(* Let $G=(V,E)$ be a nice graph and $J$ a good subset of $V$. Then there exists a $J$-covering family $\mathcal{C}$ such that $K_{\mathcal{C}}(e)\le5$ for all $e\in E\setminus E_{J,1}$ and $K_{\mathcal{C}}(e)=0$ for all $e\in E_{J,1}$.
   Context: All graphs are finite and simple. An edge is isolated if both its ends have degree $1$; a graph is nice if it has no isolated edges. For $J\subseteq V$: $E_{J,1}$ is the set of non-isolated edges of $G-J$; $E_{J,2}$ the isolated edges of $G-J$; $E_{J,3}$ the edges with exactly one end in $J$; $E_{J,4}$ the edges with both ends in $J$; $G_{J,3}=(V,E_{J,3})$, $G_{J,4}=(J,E_{J,4})$; $d_{G_{J,3}}(j)$ is the number of edges of $E_{J,3}$ at $j$. For $i\in V\setminus J$, if $N_{G_{J,3}}(i)=\{j\}$ then $i$ is a private neighbour of $j$. A set $J\subseteq V$ is a good subset if $J\ne\emptyset$ and: (J1) $G_{J,4}$ has maximum degree at most $1$; (J2) $G_{J,3}$ has no isolated edges; (J3) each $j\in J$ has at most one private neighbour; (J4) for each $e=\{j,j'\}\in E_{J,4}$ there is $i_e\in V\setminus J$ with $\{j,j'\}\subseteq N_{G_{J,3}}(i_e)$, neither $j$ nor $j'$ has a private neighbour, and $i_e\ne i_{e'}$ for distinct $e,e'\in E_{J,4}$; (J5) for every $e\in E_{J,2}$, each end vertex of $e$ has a neighbour in $J$. A subgraph family is a multiset of subgraphs of $G$. An $E_{J,2}$-covering family is a family $\{C_e:e\in E_{J,2}\}$ where each $C_e$ is an edge of $E_{J,3}$ sharing an end vertex with $e$. An $E_{J,3}$-covering family is a family $\mathcal{C}_{J,3}$ of paths in $G$, each with two distinct end vertices both in $J$, such that (i) for each pair of distinct $j,j'\in J$ the number of even-length paths in the family joining $j,j'$ is even and the number of odd-length ones is even; (ii) for each $j\in J$, $d_{\mathcal{C}_{J,3}}(j)\ge2d_{G_{J,3}}(j)$, where $d_{\mathcal{C}_{J,3}}(j)$ is the number of paths (with multiplicity) with end vertex $j$. An $E_{J,4}$-covering family is a family $\{C_e:e\in E_{J,4}\}$ where each $C_e$ is an odd-length closed walk containing $e$. A $J$-covering family is a union $\mathcal{C}=\mathcal{C}_{J,2}\cup\mathcal{C}_{J,3}\cup\mathcal{C}_{J,4}$ of an $E_{J,2}$-, $E_{J,3}$- and $E_{J,4}$-covering family. For a subgraph $H$, $K_H:E\to\{0,1\}$ is the indicator of $E(H)$; $K_{\mathcal{H}}=\sum_{H\in\mathcal{H}}K_H$ with multiplicity. *)

theory Defs
  imports Main "HOL-Library.Multiset"
begin

definition simple_graph :: "'a set \<Rightarrow> 'a set set \<Rightarrow> bool" where
  "simple_graph V E \<longleftrightarrow> finite V \<and> (\<forall>e\<in>E. e \<subseteq> V \<and> card e = 2)"

definition deg :: "'a set set \<Rightarrow> 'a \<Rightarrow> nat" where
  "deg F v = card {e\<in>F. v \<in> e}"

definition isolated_edge :: "'a set set \<Rightarrow> 'a set \<Rightarrow> bool" where
  "isolated_edge F e \<longleftrightarrow> e \<in> F \<and> (\<forall>v\<in>e. deg F v = 1)"

definition nice :: "'a set \<Rightarrow> 'a set set \<Rightarrow> bool" where
  "nice V E \<longleftrightarrow> simple_graph V E \<and> (\<forall>e\<in>E. \<not> isolated_edge E e)"

definition edges_minus :: "'a set set \<Rightarrow> 'a set \<Rightarrow> 'a set set" where
  "edges_minus E J = {e\<in>E. e \<inter> J = {}}"

definition EJ1 :: "'a set set \<Rightarrow> 'a set \<Rightarrow> 'a set set" where
  "EJ1 E J = {e\<in>edges_minus E J. \<not> isolated_edge (edges_minus E J) e}"

definition EJ2 :: "'a set set \<Rightarrow> 'a set \<Rightarrow> 'a set set" where
  "EJ2 E J = {e\<in>edges_minus E J. isolated_edge (edges_minus E J) e}"

definition EJ3 :: "'a set set \<Rightarrow> 'a set \<Rightarrow> 'a set set" where
  "EJ3 E J = {e\<in>E. card (e \<inter> J) = 1}"

definition EJ4 :: "'a set set \<Rightarrow> 'a set \<Rightarrow> 'a set set" where
  "EJ4 E J = {e\<in>E. e \<subseteq> J}"

definition NJ3 :: "'a set set \<Rightarrow> 'a set \<Rightarrow> 'a \<Rightarrow> 'a set" where
  "NJ3 E J i = {j. {i, j} \<in> EJ3 E J}"

definition private_nb :: "'a set \<Rightarrow> 'a set set \<Rightarrow> 'a set \<Rightarrow> 'a \<Rightarrow> 'a \<Rightarrow> bool" where
  "private_nb V E J i j \<longleftrightarrow> i \<in> V - J \<and> NJ3 E J i = {j}"

definition good_subset :: "'a set \<Rightarrow> 'a set set \<Rightarrow> 'a set \<Rightarrow> bool" where
  "good_subset V E J \<longleftrightarrow>
     J \<subseteq> V \<and> J \<noteq> {} \<and>
     \<comment> \<open>(J1)\<close>
     (\<forall>j\<in>J. deg (EJ4 E J) j \<le> 1) \<and>
     \<comment> \<open>(J2)\<close>
     (\<forall>e\<in>EJ3 E J. \<not> isolated_edge (EJ3 E J) e) \<and>
     \<comment> \<open>(J3)\<close>
     (\<forall>j\<in>J. card {i. private_nb V E J i j} \<le> 1) \<and>
     \<comment> \<open>(J4)\<close>
     (\<exists>ie. inj_on ie (EJ4 E J) \<and>
        (\<forall>e\<in>EJ4 E J. ie e \<in> V - J \<and> e \<subseteq> NJ3 E J (ie e)
            \<and> (\<forall>j\<in>e. \<not> (\<exists>i. private_nb V E J i j)))) \<and>
     \<comment> \<open>(J5)\<close>
     (\<forall>e\<in>EJ2 E J. \<forall>v\<in>e. \<exists>j\<in>J. {v, j} \<in> E)"

definition walk_edges :: "'a list \<Rightarrow> 'a set set" where
  "walk_edges w = {{a, b} | a b. (a, b) \<in> set (zip w (tl w))}"

definition walk_len :: "'a list \<Rightarrow> nat" where
  "walk_len w = length w - 1"

definition is_walk :: "'a set \<Rightarrow> 'a set set \<Rightarrow> 'a list \<Rightarrow> bool" where
  "is_walk V E w \<longleftrightarrow> w \<noteq> [] \<and> set w \<subseteq> V \<and>
     (\<forall>i. Suc i < length w \<longrightarrow> {w ! i, w ! Suc i} \<in> E)"

definition is_path :: "'a set \<Rightarrow> 'a set set \<Rightarrow> 'a list \<Rightarrow> bool" where
  "is_path V E p \<longleftrightarrow> is_walk V E p \<and> distinct p"

definition odd_closed_walk :: "'a set \<Rightarrow> 'a set set \<Rightarrow> 'a list \<Rightarrow> bool" where
  "odd_closed_walk V E w \<longleftrightarrow> is_walk V E w \<and> hd w = last w \<and> odd (walk_len w)"

text \<open>E_{J,2}-covering family, indexed by E_{J,2}: C e is an edge (as a subgraph).\<close>
definition EJ2_covering :: "'a set set \<Rightarrow> 'a set \<Rightarrow> ('a set \<Rightarrow> 'a set) \<Rightarrow> bool" where
  "EJ2_covering E J C \<longleftrightarrow> (\<forall>e\<in>EJ2 E J. C e \<in> EJ3 E J \<and> C e \<inter> e \<noteq> {})"

definition joins :: "'a list \<Rightarrow> 'a \<Rightarrow> 'a \<Rightarrow> bool" where
  "joins p j j' \<longleftrightarrow> {hd p, last p} = {j, j'}"

definition dC :: "'a list multiset \<Rightarrow> 'a \<Rightarrow> nat" where
  "dC C j = size (filter_mset (\<lambda>p. j = hd p \<or> j = last p) C)"

definition EJ3_covering :: "'a set \<Rightarrow> 'a set set \<Rightarrow> 'a set \<Rightarrow> 'a list multiset \<Rightarrow> bool" where
  "EJ3_covering V E J C \<longleftrightarrow>
     (\<forall>p\<in>#C. is_path V E p \<and> hd p \<noteq> last p \<and> hd p \<in> J \<and> last p \<in> J) \<and>
     (\<forall>j\<in>J. \<forall>j'\<in>J. j \<noteq> j' \<longrightarrow>
        even (size (filter_mset (\<lambda>p. joins p j j' \<and> even (walk_len p)) C)) \<and>
        even (size (filter_mset (\<lambda>p. joins p j j' \<and> odd (walk_len p)) C))) \<and>
     (\<forall>j\<in>J. dC C j \<ge> 2 * deg (EJ3 E J) j)"

definition EJ4_covering :: "'a set \<Rightarrow> 'a set set \<Rightarrow> 'a set \<Rightarrow> ('a set \<Rightarrow> 'a list) \<Rightarrow> bool" where
  "EJ4_covering V E J C \<longleftrightarrow> (\<forall>e\<in>EJ4 E J. odd_closed_walk V E (C e) \<and> e \<in> walk_edges (C e))"

definition J_covering :: "'a set \<Rightarrow> 'a set set \<Rightarrow> 'a set \<Rightarrow>
    ('a set \<Rightarrow> 'a set) \<Rightarrow> 'a list multiset \<Rightarrow> ('a set \<Rightarrow> 'a list) \<Rightarrow> bool" where
  "J_covering V E J C2 C3 C4 \<longleftrightarrow>
     EJ2_covering E J C2 \<and> EJ3_covering V E J C3 \<and> EJ4_covering V E J C4"

text \<open>K_C(f): number of members (with multiplicity) of the union family whose
  edge set contains f. Each member of C2 is a single edge, of C3 a path,
  of C4 a closed walk (its edge set).\<close>
definition K_cov :: "'a set set \<Rightarrow> 'a set \<Rightarrow>
    ('a set \<Rightarrow> 'a set) \<Rightarrow> 'a list multiset \<Rightarrow> ('a set \<Rightarrow> 'a list) \<Rightarrow> 'a set \<Rightarrow> nat" where
  "K_cov E J C2 C3 C4 f =
     card {e\<in>EJ2 E J. C2 e = f}
     + size (filter_mset (\<lambda>p. f \<in> walk_edges p) C3)
     + card {e\<in>EJ4 E J. f \<in> walk_edges (C4 e)}"

end

theory Submission
  imports Defs
begin

text \<open>Around each vertex i outside J with J-neighbours x_0, ..., x_{k-1} take the k cherries
  x_t i x_{t+1} (indices mod k): twice in general, once if k = 2 and i is the apex i_e of an edge
  e of E_{J,4} (the two cherries then join the same ends), and not at all if k < 2. All of them
  have length 2 and each pair of ends is joined an even number of times. Every J-vertex is an end
  of two cherries per copy at each of its neighbours outside J; a private neighbour contributes
  nothing, but by (J3) and (J2) the remaining neighbours make up for it. An edge e of E_{J,4} is
  covered by the triangle through i_e, an isolated edge of G - J by an edge from one of its ends
  into J, and edges of E_{J,1} are used by none of these. An edge i j with i outside J lies on
  at most four cherries, on at most one triangle and is chosen for at most one isolated edge;
  choosing the latter off triangles whose apex has three or more J-neighbours avoids 4 + 1 + 1.\<close>

lemma filter_mset_repeat_mset:
  "filter_mset P (repeat_mset n M) = repeat_mset n (filter_mset P M)"
  by (induction n) auto

lemma filter_mset_sum:
  "finite A \<Longrightarrow> filter_mset P (\<Sum>x\<in>A. f x) = (\<Sum>x\<in>A. filter_mset P (f x))"
  by (induction A rule: finite_induct) auto

lemma card_cyclic_neighbours_of:
  assumes "distinct xs" "2 \<le> length xs"
  shows "card {t. t < length xs \<and> (xs ! t = j \<or> xs ! (Suc t mod length xs) = j)}
           = (if j \<in> set xs then 2 else 0)"
proof (cases "j \<in> set xs")
  case True
  let ?k = "length xs"
  obtain p where p: "p < ?k" "xs ! p = j" using True by (auto simp: in_set_conv_nth)
  define q where "q = (if p = 0 then ?k - 1 else p - 1)"
  have "{t. t < ?k \<and> (xs ! t = j \<or> xs ! (Suc t mod ?k) = j)} = {p, q}"
  proof -
    have at_p: "s < ?k \<Longrightarrow> xs ! s = j \<longleftrightarrow> s = p" for s
      using p assms(1) by (auto simp: nth_eq_iff_index_eq)
    have at_q: "t < ?k \<Longrightarrow> xs ! (Suc t mod ?k) = j \<longleftrightarrow> t = q" for t
    proof -
      have "Suc t mod ?k < ?k" using assms(2) by (intro mod_less_divisor) linarith
      moreover assume "t < ?k"
      then have "Suc t mod ?k = p \<longleftrightarrow> t = q" using p by (auto simp: mod_Suc q_def)
      ultimately show ?thesis using at_p by blast
    qed
    have "q < ?k" using p(1) by (auto simp: q_def)
    with p(1) show ?thesis using at_p at_q by blast
  qed
  moreover have "p \<noteq> q" using assms(2) p by (auto simp: q_def)
  ultimately show ?thesis using True by simp
next
  case False
  have "0 < length xs" using assms(2) by linarith
  then have "xs ! (Suc t mod length xs) \<in> set xs" for t by simp
  with False show ?thesis by (auto simp: nth_mem)
qed

definition cherries :: "'a \<Rightarrow> 'a list \<Rightarrow> 'a list multiset" where
  "cherries i xs = mset (map (\<lambda>t. [xs ! t, i, xs ! (Suc t mod length xs)]) [0..<length xs])"

lemma size_filter_cherries:
  "size (filter_mset P (cherries i xs)) =
     card {t. t < length xs \<and> P [xs ! t, i, xs ! (Suc t mod length xs)]}"
  unfolding cherries_def mset_filter[symmetric] size_mset length_filter_conv_card
  by (rule arg_cong[where f = card]) auto

lemma mem_cherries:
  assumes "distinct xs" "2 \<le> length xs" "p \<in># cherries i xs"
  shows "\<exists>x y. p = [x, i, y] \<and> x \<in> set xs \<and> y \<in> set xs \<and> x \<noteq> y"
proof -
  obtain t where t: "t < length xs" "p = [xs ! t, i, xs ! (Suc t mod length xs)]"
    using assms(3) by (auto simp: cherries_def)
  have "Suc t mod length xs < length xs" using assms(2) by (intro mod_less_divisor) linarith
  moreover have "Suc t mod length xs \<noteq> t" using t(1) assms(2) by (auto simp: mod_Suc)
  ultimately show ?thesis using t assms(1) by (auto simp: nth_eq_iff_index_eq)
qed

_Task item:_
"inter" is the word to look for; copy every line of the data that has it.

_Response box:_
  "edges_minus E J = {e\<in>E. e \<inter> J = {}}"
  "EJ3 E J = {e\<in>E. card (e \<inter> J) = 1}"
  "EJ2_covering E J C \<longleftrightarrow> (\<forall>e\<in>EJ2 E J. C e \<in> EJ3 E J \<and> C e \<inter> e \<noteq> {})"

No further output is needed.